Laboratory-scale biofiltration of acrylonitrile by Rhodococcus rhodochrous DAP 96622 in a trickling bed bioreactor

Abstract

Acrylonitrile (ACN), a volatile component of the waste generated during the production of acrylamide, also is often associated with aromatic contaminants such as toluene and styrene. Biofiltration, considered an effective technique for the treatment of volatile hydrocarbons, has not been used to treat volatile nitriles. An experimental laboratory-scale trickling bed bioreactor using cells of Rhodococcus rhodochrous DAP 96622 supported on granular activated carbon (GAC) was developed and evaluated to assess the ability of biofiltration to treat ACN. In addition to following the course of treatability of ACN, kinetics of ACN biodegradation during both recycle batch and open modes of operation by immobilized and free cells were evaluated. For fed-batch mode bioreactor with immobilized cells, almost complete ACN removal (>95%) was achieved at a flow rate of 0.1 microl/min ACN and 0.8 microl/min toluene (TOL) (for comparative purposes this is equivalent to 6.9 mg l(-1) h(-1) ACN and 83.52 mg l(-1) h(-1) TOL).

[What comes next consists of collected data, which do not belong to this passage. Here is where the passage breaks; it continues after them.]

lemma submodule_e_step:
  assumes S: "is_submodule theta (Fract A B) S" and B: "B \<noteq> 0" and g: "Fract g 1 \<in> S"
  shows "Fract (pcompose g [:-2, 1:] * A) 1 \<in> S"
proof -
  have "e_act (Fract A B) (Fract g 1) \<in> S" using S g unfolding is_submodule_def by auto
  hence "Fract B 1 * e_act (Fract A B) (Fract g 1) \<in> S" by (rule submodule_mult_poly[OF S])
  moreover have "Fract B 1 * e_act (Fract A B) (Fract g 1) = Fract (pcompose g [:-2, 1:] * A) 1"
    unfolding e_act_def sigma_def using B by (simp add: shift_Fract pcompose_1 eq_fract)
  ultimately show ?thesis by simp
qed

lemma submodule_f_step:
  assumes S: "is_submodule theta (Fract A B) S" and A: "A \<noteq> 0" and B: "B \<noteq> 0"
    and g: "Fract g 1 \<in> S"
  shows "Fract (([:theta:] - [:1, 1:]\<^sup>2) * pcompose g [:2, 1:] * pcompose B [:2, 1:]) 1 \<in> S"
proof -
  define A' where "A' = pcompose A [:2, 1:]"
  have A': "A' \<noteq> 0" unfolding A'_def using pcompose_linear_nonzero[OF A] .
  have four: "(4 :: ratfun) \<noteq> 0"
    unfolding const_rf_numeral[symmetric] by (simp add: const_rf_def eq_fract Zero_fract_def)
  have "f_act theta (Fract A B) (Fract g 1) \<in> S" using S g unfolding is_submodule_def by auto
  hence "const_rf 4 * (Fract A' 1 * f_act theta (Fract A B) (Fract g 1)) \<in> S"
    using S submodule_mult_poly[OF S] unfolding is_submodule_def by blast
  moreover have "const_rf 4 * (Fract A' 1 * f_act theta (Fract A B) (Fract g 1)) =
      Fract ([:theta:] - [:1, 1:]\<^sup>2) 1 * (Fract A' 1 *
        (Fract (pcompose g [:2, 1:]) 1 / Fract A' (pcompose B [:2, 1:])))"
    unfolding f_act_def sigma_inv_def const_rf_numeral Fract_casimir A'_def
    using B four by (simp add: shift_Fract pcompose_1 mult_ac)
  moreover have "\<dots> = Fract (([:theta:] - [:1, 1:]\<^sup>2) * pcompose g [:2, 1:] * pcompose B [:2, 1:]) 1"
    using A' by (simp add: eq_fract)
  ultimately show ?thesis by simp
qed

lemma root_with_extremal_Re:
  fixes g :: "complex poly"
  assumes "g \<noteq> 0" "degree g \<noteq> 0"
  obtains z w where "poly g z = 0" "\<And>y. poly g y = 0 \<Longrightarrow> Re z \<le> Re y"
    "poly g w = 0" "\<And>y. poly g y = 0 \<Longrightarrow> Re y \<le> Re w"
proof -
  define Z where "Z = {z. poly g z = 0}"
  have "finite Z" using poly_roots_finite[OF assms(1)] by (simp add: Z_def)
  moreover have "Z \<noteq> {}"
    using fundamental_theorem_of_algebra[of g] assms(2) by (auto simp: Z_def constant_degree)
  ultimately obtain z w where z: "is_arg_min Re (\<lambda>x. x \<in> Z) z"
    and w: "is_arg_min (\<lambda>x. - Re x) (\<lambda>x. x \<in> Z) w"
    using ex_is_arg_min_if_finite by metis
  show ?thesis
  proof (rule that)
    show "poly g z = 0" "poly g w = 0" using z w by (simp_all add: is_arg_min_def Z_def)
    show "Re z \<le> Re y" "Re y \<le> Re w" if "poly g y = 0" for y
      using z w that by (simp_all add: is_arg_min_linorder Z_def)
  qed
qed

lemma degree_eq_0_by_extremal_roots:
  fixes g A B \<phi> :: "complex poly" and \<omega> :: real
  assumes g: "g \<noteq> 0"
    and e_roots: "\<And>z. poly g z = 0 \<Longrightarrow> poly (pcompose g [:-2, 1:] * A) z = 0"
    and f_roots: "\<And>z. poly g z = 0 \<Longrightarrow> poly (\<phi> * pcompose g [:2, 1:] * pcompose B [:2, 1:]) z = 0"
    and A_roots: "\<And>z. poly A z = 0 \<Longrightarrow> \<omega> \<le> Re z"
    and B_roots: "\<And>z. poly B z = 0 \<Longrightarrow> Re z < \<omega> + 2"
    and \<phi>_roots: "\<And>z. poly \<phi> z = 0 \<Longrightarrow> Re z < \<omega>"
  shows "degree g = 0"
proof (rule ccontr)
  assume "degree g \<noteq> 0"
  then obtain z w where z: "poly g z = 0" "\<And>y. poly g y = 0 \<Longrightarrow> Re z \<le> Re y"
    and w: "poly g w = 0" "\<And>y. poly g y = 0 \<Longrightarrow> Re y \<le> Re w"
    using root_with_extremal_Re[OF g] by metis
  have "poly g (z - 2) \<noteq> 0" using z(2)[of "z - 2"] by auto
  hence "poly A z = 0" using e_roots[OF z(1)] by (simp add: poly_pcompose)
  hence "\<omega> \<le> Re z" by (rule A_roots)
  moreover have "poly g (w + 2) \<noteq> 0" using w(2)[of "w + 2"] by auto
  hence "poly \<phi> w = 0 \<or> poly B (w + 2) = 0"
    using f_roots[OF w(1)] by (simp add: poly_pcompose add.commute)
  hence "Re w < \<omega>" using \<phi>_roots B_roots by force
  ultimately show False using z(2)[OF w(1)] by simp
qed

lemma one_mem_nonzero_submodule:
  fixes \<omega> :: real
  assumes S: "is_submodule theta (Fract A B) S" and nonzero: "S \<noteq> {0}"
    and A: "A \<noteq> 0" and B: "B \<noteq> 0"
    and A_roots: "\<And>z. poly A z = 0 \<Longrightarrow> \<omega> \<le> Re z"
    and B_roots: "\<And>z. poly B z = 0 \<Longrightarrow> Re z < \<omega> + 2"
    and casimir_roots: "\<And>z. theta = (z + 1)\<^sup>2 \<Longrightarrow> Re z < \<omega>"
  shows "1 \<in> S"
proof -
  obtain g where g: "g \<noteq> 0" "Fract g 1 \<in> S" and dvd: "\<And>p. Fract p 1 \<in> S \<Longrightarrow> g dvd p"
    using submodule_poly_generator[OF S nonzero] by blast
  have root: "poly p z = 0" if "Fract p 1 \<in> S" "poly g z = 0" for p z
    using dvd[OF that(1)] that(2) by (auto elim: dvdE)
  have "degree g = 0"
  proof (rule degree_eq_0_by_extremal_roots[OF g(1) _ _ A_roots B_roots])
    show "poly ([:theta:] - [:1, 1:]\<^sup>2) z = 0 \<Longrightarrow> Re z < \<omega>" for z
      using casimir_roots by (simp add: add.commute)
  qed (use root submodule_e_step[OF S B g(2)] submodule_f_step[OF S A B g(2)] in blast)+
  then obtain k where k: "g = [:k:]" by (metis degree_eq_zeroE)
  hence "const_rf (1 / k) * Fract g 1 = 1"
    using g(1) by (simp add: const_rf_def One_fract_def one_pCons)
  thus ?thesis using S g(2) unfolding is_submodule_def by metis
qed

In a single-pass mode bioreactor with immobilized cells, at ACN inlet loads of 100-200 mg l(-1) h(-1) and TOL inlet load of approximately 400 mg l(-1) h(-1), with empty bed retention time (EBRT) of 8 min, ACN removal efficiency was approximately 90%. The three-dimensional structure and characteristics of the biofilm were investigated using confocal scanning laser microscopy (CSLM). CLSM images revealed a robust and heterogeneous biofilm, with microcolonies interspersed with voids and channels. Analysis of the precise measurement of biofilm characteristics using COMSTAT agreed with the assumption that both biomass and biofilm thickness increased along the carbon column depth.